## Work instructions
Every line from the start of the listing below through the line that contains "(if i1 + enat" is to be reproduced word for word.

## Dataset entries
definition Gmove :: "real \<Rightarrow> (nat \<Rightarrow> real) \<Rightarrow> real \<Rightarrow> int list \<Rightarrow> int list pmf" where
  "Gmove q a \<alpha> xs = map_pmf (\<lambda>js. map2 (\<lambda>x j. x + int j) xs js) (Gjumps q a \<alpha> 1 None xs)"

text \<open>Sequential update; the flag records whether the previous particle jumped in this move.\<close>
fun Bjumps :: "real \<Rightarrow> (nat \<Rightarrow> real) \<Rightarrow> real \<Rightarrow> nat \<Rightarrow> int option \<Rightarrow> bool \<Rightarrow> int list \<Rightarrow> bool list pmf" where
  "Bjumps q a \<beta> k prev pj [] = return_pmf []"
| "Bjumps q a \<beta> k prev pj (x # xs) =
     do { b \<leftarrow> bernoulli_pmf
                 ((case prev of None \<Rightarrow> 1
                    | Some y \<Rightarrow> (if pj then 1 else 1 - q ^ nat (y - x - 1)))
                  * (a k * \<beta> / (1 + a k * \<beta>)));
          bs \<leftarrow> Bjumps q a \<beta> (Suc k) (Some x) b xs;
          return_pmf (b # bs) }"

definition Bmove :: "real \<Rightarrow> (nat \<Rightarrow> real) \<Rightarrow> real \<Rightarrow> int list \<Rightarrow> int list pmf" where
  "Bmove q a \<beta> xs =
     map_pmf (\<lambda>bs. map2 (\<lambda>x b. x + (if b then 1 else 0)) xs bs) (Bjumps q a \<beta> 1 None False xs)"

text \<open>Horizontal labels i1, i2 in Z_{>=0} or +infinity (q^{+infinity} = 0); vertical labels j1, j2 in {0,1}.\<close>
definition Lweight :: "real \<Rightarrow> real \<Rightarrow> real \<Rightarrow> real \<Rightarrow> enat \<Rightarrow> nat \<Rightarrow> enat \<Rightarrow> nat \<Rightarrow> real" where
  "Lweight q u a \<nu> i1 j1 i2 j2 =
     (if i1 + enat j1 \<noteq> i2 + enat j2 then 0
      else if j1 = 0 \<and> j2 = 0 then (1 - a * u * qpow q i1) / (1 - a * u)
      else if j1 = 0 \<and> j2 = 1 then - a * u * (1 - qpow q i1) / (1 - a * u)
      else if j1 = 1 \<and> j2 = 1 then (\<nu> * qpow q i1 - a * u) / (1 - a * u)
      else if j1 = 1 \<and> j2 = 0 then (1 - \<nu> * qpow q i1) / (1 - a * u)
      else 0)"

text \<open>Joint law of (y_{m-1}, y^dagger_m) given x (y_0 = +infinity is represented by None).\<close>
definition dagger_pair :: "real \<Rightarrow> (nat \<Rightarrow> real) \<Rightarrow> real \<Rightarrow> real \<Rightarrow> int list \<Rightarrow> nat
    \<Rightarrow> (int option \<times> int) pmf" where
  "dagger_pair q a \<alpha> \<beta> xs m =
     do { ys \<leftarrow> Bmove q a \<beta> xs;
          xs' \<leftarrow> Gmove q a \<alpha> xs;
          let i1 = gap (epos xs (m - 1)) (pos xs' m);
          let j1 = (case (epos ys (m - 1), epos xs (m - 1)) of
                      (Some y, Some x) \<Rightarrow> nat (y - x) | _ \<Rightarrow> 0);
          b \<leftarrow> bernoulli_pmf (Lweight q (- \<beta>) (a m) (\<alpha> * a m) i1 j1 (i1 + enat j1 - enat 1) 1);
          return_pmf (epos ys (m - 1), pos xs' m + (if b then 1 else 0)) }"

definition BG_pair :: "real \<Rightarrow> (nat \<Rightarrow> real) \<Rightarrow> real \<Rightarrow> real \<Rightarrow> int list \<Rightarrow> nat
    \<Rightarrow> (int option \<times> int) pmf" where
  "BG_pair q a \<alpha> \<beta> xs m =
     do { ys \<leftarrow> Bmove q a \<beta> xs;
          ysBG \<leftarrow> Gmove q a \<alpha> ys;
          return_pmf (epos ys (m - 1), pos ysBG m) }"

end

theory Submission
  imports Defs
begin

text \<open>Condition on whether particle \<open>m - 1\<close> jumped in the Bernoulli move. Both constructions
  then only involve the gap \<open>g = x_(m-1) - x_m - 1\<close>, one geometric jump of law \<open>p_(g,\<gamma>)\<close> and one
  Bernoulli coin, and the claim becomes an identity of laws on \<open>\<nat>\<close>: a geometric jump followed by
  the coin with the vertex-weight probability has the same law as particle \<open>m\<close>'s coin in the
  Bernoulli move followed by a geometric jump from the updated gap. Comparing point masses, this is
  the recursion of \<open>p_(g,\<gamma>)\<close> in \<open>g\<close> if particle \<open>m - 1\<close> jumped, and a companion identity relating
  \<open>p_(g,\<gamma>)\<close> and \<open>p_(g-1,\<gamma>)\<close> if it did not. For \<open>m = 1\<close> the gap is infinite, the vertex weight is
  the constant \<open>a_1 \<beta> / (1 + a_1 \<beta>)\<close>, and the two random steps simply commute.\<close>

lemma qpoch_0 [simp]: "qpoch z q 0 = 1"
  by (simp add: qpoch_def)

lemma qpoch_Suc: "qpoch z q (Suc n) = qpoch z q n * (1 - z * q ^ n)"
  by (simp add: qpoch_def)

lemma qpoch_pos:
  assumes "0 \<le> z" "z < 1" "0 < q" "q < 1"
  shows "0 < qpoch z q n"
proof (induction n)
  case (Suc n)
  have "z * q ^ n \<le> z"
    using assms by (simp add: mult_left_le power_le_one)
  with Suc assms(2) show ?case
    by (simp add: qpoch_Suc)
qed simp

lemma qpoch_q_pos: "0 < q \<Longrightarrow> q < 1 \<Longrightarrow> 0 < qpoch q q n"
  by (simp add: qpoch_pos)

lemma one_minus_q_power_Suc_neq_0:
  assumes "0 < q" "q < (1::real)"
  shows "1 - q * q ^ n \<noteq> 0"
proof -
  have "q * q ^ n \<le> q"
    using assms by (simp add: mult_left_le power_le_one)
  with assms show ?thesis
    by linarith
qed

lemma pgeo_fin_0: "0 < q \<Longrightarrow> q < 1 \<Longrightarrow> pgeo_fin q n \<gamma> 0 = qpoch \<gamma> q n"
  using qpoch_q_pos[of q n] by (simp add: pgeo_fin_def)

lemma pgeo_fin_top: "0 < q \<Longrightarrow> q < 1 \<Longrightarrow> pgeo_fin q n \<gamma> n = \<gamma> ^ n"
  using qpoch_q_pos[of q n] by (simp add: pgeo_fin_def)

lemma pgeo_fin_eq_0: "n < k \<Longrightarrow> pgeo_fin q n \<gamma> k = 0"
  by (simp add: pgeo_fin_def)

lemma pgeo_fin_nonneg:
  assumes "0 < q" "q < 1" "0 \<le> \<gamma>" "\<gamma> < 1"
  shows "0 \<le> pgeo_fin q n \<gamma> k"
  using assms qpoch_q_pos[of q] qpoch_pos[of \<gamma> q]
  unfolding pgeo_fin_def by (simp add: less_imp_le)

text \<open>Writing each weight as \<open>\<gamma>^k (\<gamma>;q)_{n-k}\<close> times a q-binomial coefficient, the
  following two identities reduce to rational-function identities in \<open>q^k\<close> and \<open>q^(n-k)\<close>.\<close>

lemma pgeo_fin_Suc_Suc:
  assumes q: "0 < q" "q < 1"
  shows "pgeo_fin q (Suc (Suc j + r)) \<gamma> (Suc j) =
     pgeo_fin q (Suc j + r) \<gamma> (Suc j) * (1 - \<gamma> * q ^ r) + pgeo_fin q (Suc j + r) \<gamma> j * \<gamma> * q ^ Suc r"
proof -
  define A B C D u v t
    where "A = qpoch \<gamma> q r" "B = qpoch q q (Suc (j + r))" "C = qpoch q q j" "D = qpoch q q r"
      "u = 1 - q * q ^ j" "v = 1 - q * q ^ r" "t = 1 - \<gamma> * q ^ r"
  note defs = A_B_C_D_u_v_t_def
  have "u \<noteq> 0" "v \<noteq> 0"
    using one_minus_q_power_Suc_neq_0[OF q] by (simp_all add: defs)
  moreover have "C \<noteq> 0" "D \<noteq> 0"
    using qpoch_q_pos[OF q] unfolding defs by (metis less_irrefl)+
  moreover have "Suc (Suc j + r) - Suc j = Suc r" "Suc j + r - Suc j = r" "Suc j + r - j = Suc r"
    by auto
  then have eqs: "pgeo_fin q (Suc (Suc j + r)) \<gamma> (Suc j) =
      \<gamma> ^ Suc j * (A * t) * (B * (1 - (1 - u) * (1 - v)) / (C * u * (D * v)))"
    "pgeo_fin q (Suc j + r) \<gamma> (Suc j) = \<gamma> ^ Suc j * A * (B / (C * u * D))"
    "pgeo_fin q (Suc j + r) \<gamma> j = \<gamma> ^ j * (A * t) * (B / (C * (D * v)))"
    "q ^ Suc r = 1 - v" "1 - \<gamma> * q ^ r = t"
    unfolding pgeo_fin_def defs by (simp_all add: qpoch_Suc power_add algebra_simps)
  ultimately show ?thesis
    unfolding eqs by (simp add: field_simps)
qed

lemma pgeo_fin_shift:
  assumes q: "0 < q" "q < 1"
  shows "q ^ (Suc j + r) * pgeo_fin q (Suc j + r) \<gamma> (Suc j) + (1 - q ^ (Suc j + r)) * pgeo_fin q (j + r) \<gamma> j
     = q ^ r * pgeo_fin q (Suc j + r) \<gamma> (Suc j) + (1 - q ^ Suc r) * pgeo_fin q (Suc j + r) \<gamma> j"
proof -
  define A B C D u v t s
    where "A = qpoch \<gamma> q r" "B = qpoch q q (j + r)" "C = qpoch q q j" "D = qpoch q q r"
      "u = 1 - q * q ^ j" "v = 1 - q * q ^ r" "t = q ^ r" "s = 1 - \<gamma> * q ^ r"
  note defs = A_B_C_D_u_v_t_s_def
  have "u \<noteq> 0" "v \<noteq> 0"
    using one_minus_q_power_Suc_neq_0[OF q] by (simp_all add: defs)
  moreover have "C \<noteq> 0" "D \<noteq> 0"
    using qpoch_q_pos[OF q] unfolding defs by (metis less_irrefl)+
  moreover have "Suc j + r - Suc j = r" "Suc j + r - j = Suc r" "j + r - j = r"
    by auto
  then have eqs: "pgeo_fin q (Suc j + r) \<gamma> (Suc j) = \<gamma> ^ Suc j * A * (B * (1 - (1 - u) * t) / (C * u * D))"
    "pgeo_fin q (Suc j + r) \<gamma> j = \<gamma> ^ j * (A * s) * (B * (1 - (1 - u) * t) / (C * (D * v)))"
    "pgeo_fin q (j + r) \<gamma> j = \<gamma> ^ j * A * (B / (C * D))"
    "q ^ Suc r = 1 - v" "q ^ (Suc j + r) = (1 - u) * t" "s = 1 - \<gamma> * t" "q ^ r = t"
    unfolding pgeo_fin_def defs by (simp_all add: qpoch_Suc power_add algebra_simps)
  ultimately show ?thesis
    unfolding eqs by (simp add: field_simps)
qed

lemma pgeo_fin_Suc:
  assumes q: "0 < q" "q < 1"
  shows "pgeo_fin q (Suc n) \<gamma> k = pgeo_fin q n \<gamma> k * (1 - \<gamma> * q ^ (n - k))
     + (if 1 \<le> k then pgeo_fin q n \<gamma> (k - 1) * \<gamma> * q ^ (n - (k - 1)) else 0)"
proof (cases k)
  case 0
  with q show ?thesis
    by (simp add: pgeo_fin_0 qpoch_Suc)
next
  case (Suc j)
  consider "j < n" | "j = n" | "n < j"
    by linarith
  then show ?thesis
  proof cases
    case 1
    then obtain r where "n = Suc j + r"
      using less_iff_Suc_add by auto
    with Suc pgeo_fin_Suc_Suc[OF q, of j r] show ?thesis
      by simp
  qed (use Suc q in \<open>simp_all add: pgeo_fin_top pgeo_fin_eq_0\<close>)
qed


lemma pgeo_fin_thinning:
  assumes q: "0 < q" "q < 1"
  shows "pgeo_fin q n \<gamma> k * q ^ (n - k) + (if 1 \<le> k then pgeo_fin q n \<gamma> (k - 1) * (1 - q ^ (n - (k - 1))) else 0)
     = (if 1 \<le> k then (1 - q ^ n) * pgeo_fin q (n - 1) \<gamma> (k - 1) else 0) + q ^ n * pgeo_fin q n \<gamma> k"
proof (cases k)
  case (Suc j)
  consider "j < n" | "j = n" | "n < j"
    by linarith
  then show ?thesis
  proof cases
    case 1
    then obtain r where "n = Suc j + r"
      using less_iff_Suc_add by auto
    with Suc pgeo_fin_shift[OF q, of j r] show ?thesis
      by (simp add: algebra_simps)
  next
    case 2
    with Suc q show ?thesis
      by (cases n) (simp_all add: pgeo_fin_eq_0)
  qed (use Suc in \<open>simp add: pgeo_fin_eq_0\<close>)
qed simp


lemma sum_pgeo_fin:
  assumes q: "0 < q" "q < 1"
  shows "(\<Sum>k\<le>n. pgeo_fin q n \<gamma> k) = 1"
proof (induction n)
  case 0
  with q show ?case
    by (simp add: pgeo_fin_top)
next
  case (Suc n)
  have "(\<Sum>k\<le>Suc n. pgeo_fin q (Suc n) \<gamma> k) =
     (\<Sum>k\<le>Suc n. pgeo_fin q n \<gamma> k * (1 - \<gamma> * q ^ (n - k))) +
     (\<Sum>k\<le>Suc n. (if 1 \<le> k then pgeo_fin q n \<gamma> (k - 1) * \<gamma> * q ^ (n - (k - 1)) else 0))"
    by (simp add: pgeo_fin_Suc[OF q] sum.distrib)
  also have "(\<Sum>k\<le>Suc n. pgeo_fin q n \<gamma> k * (1 - \<gamma> * q ^ (n - k))) = (\<Sum>k\<le>n. pgeo_fin q n \<gamma> k * (1 - \<gamma> * q ^ (n - k)))"
    by (simp add: pgeo_fin_eq_0)
  also have "(\<Sum>k\<le>Suc n. (if 1 \<le> k then pgeo_fin q n \<gamma> (k - 1) * \<gamma> * q ^ (n - (k - 1)) else 0))
      = (\<Sum>k\<le>n. pgeo_fin q n \<gamma> k * \<gamma> * q ^ (n - k))"
    by (subst sum.atMost_Suc_shift) simp
  also have "(\<Sum>k\<le>n. pgeo_fin q n \<gamma> k * (1 - \<gamma> * q ^ (n - k))) + (\<Sum>k\<le>n. pgeo_fin q n \<gamma> k * \<gamma> * q ^ (n - k))
      = (\<Sum>k\<le>n. pgeo_fin q n \<gamma> k)"
    by (simp add: sum.distrib[symmetric] algebra_simps)
  finally show ?case
    using Suc by simp
qed

lemma pmf_geo_pmf_enat:
  assumes q: "0 < q" "q < 1" and \<gamma>: "0 \<le> \<gamma>" "\<gamma> < 1"
  shows "pmf (geo_pmf q (enat n) \<gamma>) k = pgeo_fin q n \<gamma> k"
proof -
  have "(\<integral>\<^sup>+j. ennreal (pgeo_fin q n \<gamma> j) \<partial>count_space UNIV) = (\<Sum>j\<le>n. ennreal (pgeo_fin q n \<gamma> j))"
    by (rule nn_integral_count_space') (auto simp: pgeo_fin_eq_0)
  also have "\<dots> = 1"
    using sum_pgeo_fin[OF q, of n] pgeo_fin_nonneg[OF q \<gamma>]
    by (simp add: sum_ennreal[symmetric])
  finally show ?thesis
    unfolding geo_pmf_def using pgeo_fin_nonneg[OF q \<gamma>] by (simp add: pmf_embed_pmf)
qed


lemma set_geo_pmf_enat:
  assumes "0 < q" "q < 1" "0 \<le> \<gamma>" "\<gamma> < 1" "j \<in> set_pmf (geo_pmf q (enat n) \<gamma>)"
  shows "j \<le> n"
proof (rule ccontr)
  assume "\<not> j \<le> n"
  with assms(1-4) have "pmf (geo_pmf q (enat n) \<gamma>) j = 0"
    by (simp add: pmf_geo_pmf_enat pgeo_fin_eq_0)
  with assms(5) show False
    by (simp add: set_pmf_iff)
qed

lemma pmf_map_Suc: "pmf (map_pmf Suc p) k = (if k = 0 then 0 else pmf p (k - 1))"
proof (cases k)
  case 0
  have "0 \<notin> set_pmf (map_pmf Suc p)"
    by auto
  with 0 show ?thesis
    by (simp add: pmf_eq_0_set_pmf)
qed (simp add: pmf_map_inj')

lemma pmf_bind_bernoulli:
  "0 \<le> c \<Longrightarrow> c \<le> 1 \<Longrightarrow> pmf (bind_pmf (bernoulli_pmf c) f) x = c * pmf (f True) x + (1 - c) * pmf (f False) x"
  by (simp add: pmf_bind mult.commute)

lemma pmf_add_bernoulli:
  assumes "0 \<le> w" "w \<le> 1"
  shows "pmf (map_pmf (\<lambda>b. j + of_bool b) (bernoulli_pmf w)) (k::nat) =
    (if k = j then 1 - w else if k = Suc j then w else 0)"
proof -
  have "(\<lambda>b. j + of_bool b) -` {k} = (if k = j then {False} else if k = Suc j then {True} else {})"
    by (auto split: if_splits simp: of_bool_def)
  with assms show ?thesis
    by (simp add: pmf_map measure_measure_pmf_finite)
qed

## Response
definition Gmove :: "real \<Rightarrow> (nat \<Rightarrow> real) \<Rightarrow> real \<Rightarrow> int list \<Rightarrow> int list pmf" where
  "Gmove q a \<alpha> xs = map_pmf (\<lambda>js. map2 (\<lambda>x j. x + int j) xs js) (Gjumps q a \<alpha> 1 None xs)"

text \<open>Sequential update; the flag records whether the previous particle jumped in this move.\<close>
fun Bjumps :: "real \<Rightarrow> (nat \<Rightarrow> real) \<Rightarrow> real \<Rightarrow> nat \<Rightarrow> int option \<Rightarrow> bool \<Rightarrow> int list \<Rightarrow> bool list pmf" where
  "Bjumps q a \<beta> k prev pj [] = return_pmf []"
| "Bjumps q a \<beta> k prev pj (x # xs) =
     do { b \<leftarrow> bernoulli_pmf
                 ((case prev of None \<Rightarrow> 1
                    | Some y \<Rightarrow> (if pj then 1 else 1 - q ^ nat (y - x - 1)))
                  * (a k * \<beta> / (1 + a k * \<beta>)));
          bs \<leftarrow> Bjumps q a \<beta> (Suc k) (Some x) b xs;
          return_pmf (b # bs) }"

definition Bmove :: "real \<Rightarrow> (nat \<Rightarrow> real) \<Rightarrow> real \<Rightarrow> int list \<Rightarrow> int list pmf" where
  "Bmove q a \<beta> xs =
     map_pmf (\<lambda>bs. map2 (\<lambda>x b. x + (if b then 1 else 0)) xs bs) (Bjumps q a \<beta> 1 None False xs)"

text \<open>Horizontal labels i1, i2 in Z_{>=0} or +infinity (q^{+infinity} = 0); vertical labels j1, j2 in {0,1}.\<close>
definition Lweight :: "real \<Rightarrow> real \<Rightarrow> real \<Rightarrow> real \<Rightarrow> enat \<Rightarrow> nat \<Rightarrow> enat \<Rightarrow> nat \<Rightarrow> real" where
  "Lweight q u a \<nu> i1 j1 i2 j2 =
     (if i1 + enat j1 \<noteq> i2 + enat j2 then 0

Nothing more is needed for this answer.